**Exercise prompt:** Return, word for word, only the lines from the one containing "unfolding p_def d_def" through the last line of the entries.

**Records to use:**
(* Let $\mathfrak{R}$ be an alternative ring with a nontrivial idempotent $e_1$ and Peirce decomposition $\mathfrak{R}=\mathfrak{R}_{11}\oplus\mathfrak{R}_{12}\oplus\mathfrak{R}_{21}\oplus\mathfrak{R}_{22}$, satisfying: (i) if $a_{11}\in\mathfrak{R}_{11}$, $a_{22}\in\mathfrak{R}_{22}$ and $[a_{11}+a_{22},\mathfrak{R}_{12}]=0$, then $a_{11}+a_{22}\in\mathcal{Z}(\mathfrak{R})$; (ii) if $a_{11}\in\mathfrak{R}_{11}$, $a_{22}\in\mathfrak{R}_{22}$ and $[a_{11}+a_{22},\mathfrak{R}_{21}]=0$, then $a_{11}+a_{22}\in\mathcal{Z}(\mathfrak{R})$. Let $\mathcal{D}$ be a multiplicative Lie-type derivation of $\mathfrak{R}$. Then for any $a_{11}\in\mathfrak{R}_{11}$ and $b_{ij}\in\mathfrak{R}_{ij}$ with $i\neq j$ there exists $z_{a_{11},b_{ij}}\in\mathcal{Z}(\mathfrak{R})$ such that $\mathcal{D}(a_{11}+b_{ij})=\mathcal{D}(a_{11})+\mathcal{D}(b_{ij})+z_{a_{11},b_{ij}}$.
   Context: Rings are not assumed associative or unital. The associator is $(x,y,z)=(xy)z-x(yz)$; $\mathfrak{R}$ is alternative if $(x,x,y)=0=(y,x,x)$ for all $x,y$. $[x,y]=xy-yx$ and $\mathcal{Z}(\mathfrak{R})=\{r: [r,x]=0\ \forall x\in\mathfrak{R}\}$. Define $p_1(x)=x$, $p_n(x_1,\dots,x_n)=[p_{n-1}(x_1,\dots,x_{n-1}),x_n]$. For $n\ge2$, a (not necessarily additive) map $\mathcal{D}\colon\mathfrak{R}\to\mathfrak{R}$ is a multiplicative Lie $n$-derivation if $\mathcal{D}(p_n(x_1,\dots,x_n))=\sum_{i=1}^n p_n(x_1,\dots,\mathcal{D}(x_i),\dots,x_n)$ for all $x_i\in\mathfrak{R}$; a multiplicative Lie-type derivation is a multiplicative Lie $n$-derivation for some $n\ge2$. A nontrivial idempotent is $e_1\ne0$ with $e_1^2=e_1$ which is not a multiplicative identity. With $e_2a:=a-e_1a$, $ae_2:=a-ae_1$, set $\mathfrak{R}_{ij}=e_i\mathfrak{R}e_j$ ($i,j=1,2$), so $\mathfrak{R}=\bigoplus_{i,j}\mathfrak{R}_{ij}$. *)

theory Defs
  imports Main
begin
(* Suppose $W^+$ is inverse S-shaped (with $W^+(0)=0$, $W^+(1)=1$). Then there exists a unique index $J'\in\{1,\dots,n^+\}$ such that $$h^+_{n^+}>h^+_{n^+-1}>\cdots>h^+_{J'}\quad\text{and}\quad h^+_{J'}\le h^+_{J'-1}<h^+_{J'-2}<\cdots<h^+_1$$ (such $J'$ is called the flexional index).
   Context: Fix $N\in\mathbb{N}$ and an integer $1\le n^+\le N$. A function $f:[0,1]\to\mathbb{R}$ is inverse S-shaped if it is strictly increasing, continuously differentiable, and there is $x_0\in[0,1]$ such that $f'$ is strictly decreasing on $[0,x_0]$ and strictly increasing on $[x_0,1]$. $W^+:[0,1]\to[0,1]$ is such a function with $W^+(0)=0$, $W^+(1)=1$, and $h^+_j:=W^+\!\left(\frac{n^+-j+1}{N}\right)-W^+\!\left(\frac{n^+-j}{N}\right)$ for $j=1,\dots,n^+$. Chains of inequalities with no terms are vacuous (e.g. the second chain when $J'=1$). *)

theory Defs
  imports "HOL-Analysis.Analysis"
begin

definition inverse_S_shaped :: "(real \<Rightarrow> real) \<Rightarrow> bool" where
  "inverse_S_shaped f \<longleftrightarrow>
     strict_mono_on {0..1} f \<and>
     (\<exists>f'. (\<forall>x\<in>{0..1}. (f has_real_derivative f' x) (at x within {0..1})) \<and>
           continuous_on {0..1} f' \<and>
           (\<exists>x0\<in>{0..1}.
              (\<forall>x\<in>{0..x0}. \<forall>y\<in>{0..x0}. x < y \<longrightarrow> f' y < f' x) \<and>
              (\<forall>x\<in>{x0..1}. \<forall>y\<in>{x0..1}. x < y \<longrightarrow> f' x < f' y)))"

definition hplus :: "(real \<Rightarrow> real) \<Rightarrow> nat \<Rightarrow> nat \<Rightarrow> nat \<Rightarrow> real" where
  "hplus W N n j = W ((real n - real j + 1) / real N) - W ((real n - real j) / real N)"

end

theory Submission
  imports Defs
begin

text \<open>An inverse S-shaped W has a strictly quasiconvex derivative W': on every interval its
  interior values stay below the larger endpoint value. By the mean value theorem each increment
  of W over a grid cell is the cell width times W' at an interior point, so once two consecutive
  increments weakly rise, the next one rises strictly. Read along the reversed index j of h_j,
  a weak descent at j thus forces a strict descent at j - 1, so the weak descents form an initial
  segment; the flexional index is one past the last of them.\<close>

definition flexional_index :: "(nat \<Rightarrow> 'a::linorder) \<Rightarrow> nat \<Rightarrow> nat \<Rightarrow> bool" where
  "flexional_index h n J \<longleftrightarrow> J \<in> {1..n} \<and>
     (\<forall>j. J \<le> j \<and> j < n \<longrightarrow> h (j + 1) > h j) \<and>
     (2 \<le> J \<longrightarrow> h J \<le> h (J - 1)) \<and>
     (\<forall>j. 1 \<le> j \<and> j + 2 \<le> J \<longrightarrow> h (j + 1) < h j)"

lemma flexional_index_le:
  assumes "flexional_index h n J" and "flexional_index h n J'"
  shows "J' \<le> J"
proof (rule ccontr)
  assume "\<not> J' \<le> J"
  then have "J \<le> J' - 1" "J' - 1 < n" "2 \<le> J'" "J' - 1 + 1 = J'"
    using assms by (auto simp: flexional_index_def)
  then have "h J' > h (J' - 1)" and "h J' \<le> h (J' - 1)"
    using assms unfolding flexional_index_def by metis+
  then show False by simp
qed

lemma flexional_index_exists:
  fixes h :: "nat \<Rightarrow> 'a::linorder"
  assumes "1 \<le> n"
    and descent_propagates: "\<And>j. 2 \<le> j \<Longrightarrow> j < n \<Longrightarrow> h (j + 1) \<le> h j \<Longrightarrow> h j < h (j - 1)"
  shows "\<exists>J. flexional_index h n J"
proof -
  define S where "S = {j \<in> {1..<n}. h (j + 1) \<le> h j}"
  define m where "m = Max (insert 0 S)"
  have "finite S" by (simp add: S_def)
  then have m_in: "m \<in> insert 0 S" and m_max: "\<And>j. j \<in> S \<Longrightarrow> j \<le> m"
    unfolding m_def using Max_in[of "insert 0 S"] Max_ge[of "insert 0 S"] by simp_all
  have m_lt: "m < n" using m_in assms(1) by (auto simp: S_def)
  have weak: "h (i + 1) \<le> h i" if "1 \<le> i" "i \<le> m" for i
    using \<open>i \<le> m\<close>
  proof (induction rule: inc_induct)
    case base
    then show ?case using m_in that by (simp add: S_def)
  next
    case (step k)
    then have "h (k + 1) < h (k + 1 - 1)"
      using descent_propagates[of "k + 1"] m_lt that(1) by simp
    then show ?case by simp
  qed
  have "flexional_index h n (m + 1)"
    unfolding flexional_index_def
  proof (intro conjI allI impI)
    show "m + 1 \<in> {1..n}" using m_lt by simp
  next
    fix j assume "m + 1 \<le> j \<and> j < n"
    then have "j \<notin> S" using m_max by fastforce
    then show "h (j + 1) > h j" using \<open>m + 1 \<le> j \<and> j < n\<close> by (auto simp: S_def)
  next
    assume "2 \<le> m + 1"
    then show "h (m + 1) \<le> h (m + 1 - 1)" using weak[of m] by simp
  next
    fix j assume "1 \<le> j \<and> j + 2 \<le> m + 1"
    then show "h (j + 1) < h j"
      using descent_propagates[of "j + 1"] weak[of "j + 1"] m_lt by simp
  qed
  then show ?thesis ..
qed

lemma ex1_flexional_index:
  fixes h :: "nat \<Rightarrow> 'a::linorder"
  assumes "1 \<le> n"
    and "\<And>j. 2 \<le> j \<Longrightarrow> j < n \<Longrightarrow> h (j + 1) \<le> h j \<Longrightarrow> h j < h (j - 1)"
  shows "\<exists>!J. flexional_index h n J"
  using flexional_index_exists[of n h] assms flexional_index_le antisym by metis

lemma real_mvt_within:
  fixes f D :: "real \<Rightarrow> real"
  assumes "a < b" and "{a..b} \<subseteq> S"
    and der: "\<And>x. x \<in> S \<Longrightarrow> (f has_real_derivative D x) (at x within S)"
  obtains \<xi> where "a < \<xi>" "\<xi> < b" "f b - f a = (b - a) * D \<xi>"
proof -
  have "\<exists>\<xi>\<in>{a<..<b}. f b - f a = (\<lambda>t. D \<xi> * t) (b - a)"
  proof (rule mvt_simple[OF \<open>a < b\<close>])
    fix x assume "a \<le> x" "x \<le> b"
    then have "x \<in> S" using assms(2) by auto
    then have "(f has_real_derivative D x) (at x within {a..b})"
      using DERIV_subset der assms(2) by blast
    then show "(f has_derivative (\<lambda>t. D x * t)) (at x within {a..b})"
      by (simp add: has_field_derivative_def)
  qed
  then obtain \<xi> where "\<xi> \<in> {a<..<b}" "f b - f a = D \<xi> * (b - a)" by auto
  then show ?thesis using that[of \<xi>] by (simp add: mult.commute)
qed

lemma increments_rise_strictly_after_rise:
  fixes f D :: "real \<Rightarrow> real"
  assumes der: "\<And>x. x \<in> {a..b} \<Longrightarrow> (f has_real_derivative D x) (at x within {a..b})"
    and quasiconvex: "\<And>x y z. a \<le> x \<Longrightarrow> x < y \<Longrightarrow> y < z \<Longrightarrow> z \<le> b \<Longrightarrow> D y < max (D x) (D z)"
    and "a \<le> p" "0 < d" "p + 3 * d \<le> b"
    and rise: "f (p + d) - f p \<le> f (p + 2 * d) - f (p + d)"
  shows "f (p + 2 * d) - f (p + d) < f (p + 3 * d) - f (p + 2 * d)"
proof -
  have cell: "\<exists>\<xi>. x < \<xi> \<and> \<xi> < x + d \<and> f (x + d) - f x = d * D \<xi>"
    if "a \<le> x" "x + d \<le> b" for x
    by (rule real_mvt_within[OF _ _ der, of x "x + d"]) (use that \<open>0 < d\<close> in auto)
  have shift: "p + d + d = p + 2 * d" "p + 2 * d + d = p + 3 * d" by simp_all
  obtain \<xi>\<^sub>0 where \<xi>\<^sub>0: "p < \<xi>\<^sub>0" "\<xi>\<^sub>0 < p + d" "f (p + d) - f p = d * D \<xi>\<^sub>0"
    using cell[of p] assms(3-5) by auto
  have "a \<le> p + d" "p + d + d \<le> b" using assms(3-5) by simp_all
  then obtain \<xi>\<^sub>1 where
      \<xi>\<^sub>1: "p + d < \<xi>\<^sub>1" "\<xi>\<^sub>1 < p + 2 * d" "f (p + 2 * d) - f (p + d) = d * D \<xi>\<^sub>1"
    using cell[of "p + d"] unfolding shift by blast
  have "a \<le> p + 2 * d" "p + 2 * d + d \<le> b" using assms(3-5) by simp_all
  then obtain \<xi>\<^sub>2 where
      \<xi>\<^sub>2: "p + 2 * d < \<xi>\<^sub>2" "\<xi>\<^sub>2 < p + 3 * d" "f (p + 3 * d) - f (p + 2 * d) = d * D \<xi>\<^sub>2"
    using cell[of "p + 2 * d"] unfolding shift by blast
  have "D \<xi>\<^sub>0 \<le> D \<xi>\<^sub>1"
    using rise \<xi>\<^sub>0(3) \<xi>\<^sub>1(3) \<open>0 < d\<close> by simp
  moreover have "D \<xi>\<^sub>1 < max (D \<xi>\<^sub>0) (D \<xi>\<^sub>2)"
    by (rule quasiconvex) (use \<xi>\<^sub>0 \<xi>\<^sub>1 \<xi>\<^sub>2 assms(3-5) in linarith)+
  ultimately have "D \<xi>\<^sub>1 < D \<xi>\<^sub>2" by linarith
  then show ?thesis using \<xi>\<^sub>1(3) \<xi>\<^sub>2(3) \<open>0 < d\<close> by simp
qed

lemma inverse_S_shaped_deriv_quasiconvex:
  assumes "inverse_S_shaped W"
  obtains D where "\<And>x. x \<in> {0..1} \<Longrightarrow> (W has_real_derivative D x) (at x within {0..1})"
    and "\<And>x y z. 0 \<le> x \<Longrightarrow> x < y \<Longrightarrow> y < z \<Longrightarrow> z \<le> 1 \<Longrightarrow> D y < max (D x) (D z)"
proof -
  obtain D x\<^sub>0 where der: "\<forall>x\<in>{0..1}. (W has_real_derivative D x) (at x within {0..1})"
    and dec: "\<forall>x\<in>{0..x\<^sub>0}. \<forall>y\<in>{0..x\<^sub>0}. x < y \<longrightarrow> D y < D x"
    and inc: "\<forall>x\<in>{x\<^sub>0..1}. \<forall>y\<in>{x\<^sub>0..1}. x < y \<longrightarrow> D x < D y"
    using assms unfolding inverse_S_shaped_def by blast
  have "D y < max (D x) (D z)" if "0 \<le> x" "x < y" "y < z" "z \<le> 1" for x y z
  proof (cases "y \<le> x\<^sub>0")
    case True
    then have "x \<in> {0..x\<^sub>0}" "y \<in> {0..x\<^sub>0}" using that by simp_all
    then have "D y < D x" using dec \<open>x < y\<close> by blast
    then show ?thesis by simp
  next
    case False
    then have "y \<in> {x\<^sub>0..1}" "z \<in> {x\<^sub>0..1}" using that by simp_all
    then have "D y < D z" using inc \<open>y < z\<close> by blast
    then show ?thesis by simp
  qed
  then show ?thesis using der that by blast
qed

lemma hplus_descent_propagates:
  assumes "n \<le> N" and "inverse_S_shaped W" and "2 \<le> j" "j < n"
    and "hplus W N n (j + 1) \<le> hplus W N n j"
  shows "hplus W N n j < hplus W N n (j - 1)"
proof -
  obtain D where der: "\<And>x. x \<in> {0..1} \<Longrightarrow> (W has_real_derivative D x) (at x within {0..1})"
    and quasiconvex: "\<And>x y z. 0 \<le> x \<Longrightarrow> x < y \<Longrightarrow> y < z \<Longrightarrow> z \<le> 1 \<Longrightarrow> D y < max (D x) (D z)"
    using inverse_S_shaped_deriv_quasiconvex[OF assms(2)] by blast
  define p where "p = (real n - real j - 1) / real N"
  define d where "d = 1 / real N"
  have "real N > 0" using assms by simp
  have grid: "(real n - real (j + 1)) / real N = p"
    "(real n - real (j + 1) + 1) / real N = p + d"
    "(real n - real j) / real N = p + d"
    "(real n - real j + 1) / real N = p + 2 * d"
    "(real n - real (j - 1)) / real N = p + 2 * d"
    "(real n - real (j - 1) + 1) / real N = p + 3 * d"
    unfolding p_def d_def using \<open>real N > 0\<close> \<open>2 \<le> j\<close> by (simp_all add: field_simps of_nat_diff)
  have "0 \<le> p" using assms \<open>real N > 0\<close> by (simp add: p_def)
  moreover have "0 < d" using \<open>real N > 0\<close> by (simp add: d_def)
  moreover have "p + 3 * d \<le> 1"
    using assms \<open>real N > 0\<close> by (simp add: p_def d_def field_simps)
  moreover have "W (p + d) - W p \<le> W (p + 2 * d) - W (p + d)"
    using assms(5) unfolding hplus_def grid .
  ultimately show ?thesis
    using increments_rise_strictly_after_rise[OF der quasiconvex] unfolding hplus_def grid
    by blast
qed

theorem lemma1:
  fixes W :: "real \<Rightarrow> real" and N n :: nat
  assumes "1 \<le> n" and "n \<le> N"
    and "inverse_S_shaped W" and "W 0 = 0" and "W 1 = 1"
  shows "\<exists>!J. J \<in> {1..n} \<and>
           (\<forall>j. J \<le> j \<and> j < n \<longrightarrow> hplus W N n (j + 1) > hplus W N n j) \<and>
           (2 \<le> J \<longrightarrow> hplus W N n J \<le> hplus W N n (J - 1)) \<and>
           (\<forall>j. 1 \<le> j \<and> j + 2 \<le> J \<longrightarrow> hplus W N n (j + 1) < hplus W N n j)"
  using ex1_flexional_index[of n "hplus W N n", OF assms(1) hplus_descent_propagates[OF assms(2,3)]]
  unfolding flexional_index_def .

end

**Task solution:**
    unfolding p_def d_def using \<open>real N > 0\<close> \<open>2 \<le> j\<close> by (simp_all add: field_simps of_nat_diff)
  have "0 \<le> p" using assms \<open>real N > 0\<close> by (simp add: p_def)
  moreover have "0 < d" using \<open>real N > 0\<close> by (simp add: d_def)
  moreover have "p + 3 * d \<le> 1"
    using assms \<open>real N > 0\<close> by (simp add: p_def d_def field_simps)
  moreover have "W (p + d) - W p \<le> W (p + 2 * d) - W (p + d)"
    using assms(5) unfolding hplus_def grid .
  ultimately show ?thesis
    using increments_rise_strictly_after_rise[OF der quasiconvex] unfolding hplus_def grid
    by blast
qed

theorem lemma1:
  fixes W :: "real \<Rightarrow> real" and N n :: nat
  assumes "1 \<le> n" and "n \<le> N"
    and "inverse_S_shaped W" and "W 0 = 0" and "W 1 = 1"
  shows "\<exists>!J. J \<in> {1..n} \<and>
           (\<forall>j. J \<le> j \<and> j < n \<longrightarrow> hplus W N n (j + 1) > hplus W N n j) \<and>
           (2 \<le> J \<longrightarrow> hplus W N n J \<le> hplus W N n (J - 1)) \<and>
           (\<forall>j. 1 \<le> j \<and> j + 2 \<le> J \<longrightarrow> hplus W N n (j + 1) < hplus W N n j)"
  using ex1_flexional_index[of n "hplus W N n", OF assms(1) hplus_descent_propagates[OF assms(2,3)]]
  unfolding flexional_index_def .

end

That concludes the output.